Sensory and Motor Systems
Author: Juan Esteban Kamienkowski | Email: jkamienk@gmail.com
Juan Esteban Kamienkowski 1°, Nicolás Nieto 3°, Pablo Brusco 2°, Agustin Gravano 4°, Joaquin Ezequiel Gonzalez 1°
1° Instituto de Ciencias de la Computacion (Universidad de Buenos Aires – Consejo Nacional de Investigaciones Cientificas y Tecnicas), Argentina
2° Departamento de Computacion, Facultad de Ciencias Exactas y Naturales, Universidad de Buenos Aires, Argentina
3° Instituto de Investigación en Señales, Sistemas e Inteligencia Computacional, sinc(i) (Universidad Nacional del Litoral – Consejo Nacional de Investigaciones Cientificas y Tecnicas), Argentina
4° Univesidad Torcuato Di Tella, Argentina
When engaged in a conversation, one receives auditory information from the other’s speech but also from the own speech. However, this information is processed differently by an effect called Speech-Induced Suppression (SIS). Here, we studied brain representation of acoustic properties of speech in natural unscripted dialogues, using concurrent electroencephalography (EEG) and high-quality speech recordings from both speakers.
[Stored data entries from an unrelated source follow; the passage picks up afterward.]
lemma ellipse_of_row_constraint:
  fixes d t1 t2 n :: real
  assumes d: "0 \<le> d" "d \<le> 1" and t: "0 \<le> t1" "t1 \<le> n" "0 \<le> t2" "t2 \<le> n"
    and between: "d*t1 \<le> t2" "d*t2 \<le> t1"
    and row: "\<And>s r. 0 \<le> s \<Longrightarrow> 0 \<le> r \<Longrightarrow>
      (s*t1^2 + r*t2^2)^2 \<le> n^2*((s*t1)^2 + (r*t2)^2 + 2*d*(s*t1)*(r*t2))"
  shows "t1^2 + t2^2 - 2*d*t1*t2 \<le> (1 - d^2)*n^2"
proof -
  have d2: "0 \<le> 1 - d^2" using d by (simp add: power_le_one)
  have degenerate: "x^2 + y^2 - 2*d*x*y \<le> (1 - d^2)*n^2"
    if "x = 0" "0 \<le> y" "y \<le> n" "d*y \<le> 0" for x y
  proof -
    have "d*y = 0" using that d by (simp add: mult_le_0_iff) (smt (verit) mult_nonneg_nonneg)
    then have "x^2 + y^2 - 2*d*x*y = (1 - d^2)*y^2"
      using \<open>x = 0\<close> by (simp add: power2_eq_square algebra_simps)
    also have "\<dots> \<le> (1 - d^2)*n^2"
      using that d2 by (intro mult_left_mono power_mono) auto
    finally show ?thesis .
  qed
  consider "t1 = 0" | "t2 = 0" | "0 < t1" "0 < t2" using t by linarith
  then show ?thesis
  proof cases
    case 1
    then show ?thesis using degenerate[of t1 t2] t between by simp
  next
    case 2
    then show ?thesis using degenerate[of t2 t1] t between by (simp add: algebra_simps)
  next
    case 3
    define e where "e = t1^2 + t2^2 - 2*d*t1*t2"
    \<comment> \<open>With these weights both sides of the row constraint are multiples of e.\<close>
    have "(t2*(t1 - d*t2)*t1^2 + t1*(t2 - d*t1)*t2^2)^2 \<le>
        n^2*((t2*(t1 - d*t2)*t1)^2 + (t1*(t2 - d*t1)*t2)^2
             + 2*d*(t2*(t1 - d*t2)*t1)*(t1*(t2 - d*t1)*t2))"
      using t between by (intro row) auto
    moreover have "t2*(t1 - d*t2)*t1^2 + t1*(t2 - d*t1)*t2^2 = (t1*t2)*e"
      unfolding e_def by (simp add: power2_eq_square algebra_simps)
    moreover have "(t2*(t1 - d*t2)*t1)^2 + (t1*(t2 - d*t1)*t2)^2
        + 2*d*(t2*(t1 - d*t2)*t1)*(t1*(t2 - d*t1)*t2) = (t1*t2)^2*((1 - d^2)*e)"
      unfolding e_def by (simp add: power2_eq_square algebra_simps)
    ultimately have "(t1*t2)^2*(e*e) \<le> (t1*t2)^2*(((1 - d^2)*n^2)*e)"
      by (simp add: power_mult_distrib power2_eq_square mult_ac)
    moreover have "0 < (t1*t2)^2" using 3 by simp
    ultimately have "e*e \<le> ((1 - d^2)*n^2)*e" by (rule mult_left_le_imp_le)
    then have "e \<le> (1 - d^2)*n^2 \<or> e \<le> 0"
      by (metis mult_le_cancel_right not_less)
    moreover have "0 \<le> (1 - d^2)*n^2" using d2 by simp
    ultimately show ?thesis unfolding e_def by linarith
  qed
qed

lemma quadratic_form_le_Lambda2_cos_of_row_constraint:
  fixes \<mu> \<nu> c d t1 t2 n :: real
  assumes norms: "0 \<le> \<mu>" "0 \<le> \<nu>" and c: "0 \<le> c" "c \<le> 1" and d: "0 \<le> d" "d \<le> 1"
    and t: "0 \<le> t1" "t1 \<le> n" "0 \<le> t2" "t2 \<le> n"
    and row: "\<And>s r. 0 \<le> s \<Longrightarrow> 0 \<le> r \<Longrightarrow>
      (s*t1^2 + r*t2^2)^2 \<le> n^2*((s*t1)^2 + (r*t2)^2 + 2*d*(s*t1)*(r*t2))"
  shows "\<mu>^2*t1^2 + \<nu>^2*t2^2 + 2*c*\<mu>*\<nu>*t1*t2 \<le> Lambda2_cos \<mu> \<nu> c d * n^2"
proof -
  consider "d*t1 \<le> t2" "d*t2 \<le> t1" | "t2 \<le> d*t1" | "t1 \<le> d*t2" by linarith
  then show ?thesis
  proof cases
    case 1
    then show ?thesis
      using quadratic_form_le_Lambda2_cos[OF norms c d t(1-3) ellipse_of_row_constraint[OF d t 1 row]]
      by simp
  next
    case 2
    then show ?thesis using quadratic_form_le_Lambda2_cos_if_dominated[OF norms c d t(1-3)] by simp
  next
    case 3
    then show ?thesis
      using quadratic_form_le_Lambda2_cos_if_dominated[OF norms(2,1) c d t(3,4,1)]
      by (simp add: Lambda2_cos_commute algebra_simps)
  qed
qed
Firstly, we reproduced a broad range of previous findings on listening to another’s speech using encoding techniques from different speech features (spectrogram, envelope, phonemes, etc). Moreover, we achieved better performance when predicting the EEG signal even in a complex scenario such as natural dialogues, in particular in the theta band. Secondly, we found no response when listening to oneself on different frequency bands, evidencing a strong effect of SIS. The present work shows that this mechanism is present, and even stronger, during natural dialogues. Furthermore, the methodology presented here opens the possibility of a deeper understanding of the related mechanisms in a wider range of contexts and an increasing complexity in speech features.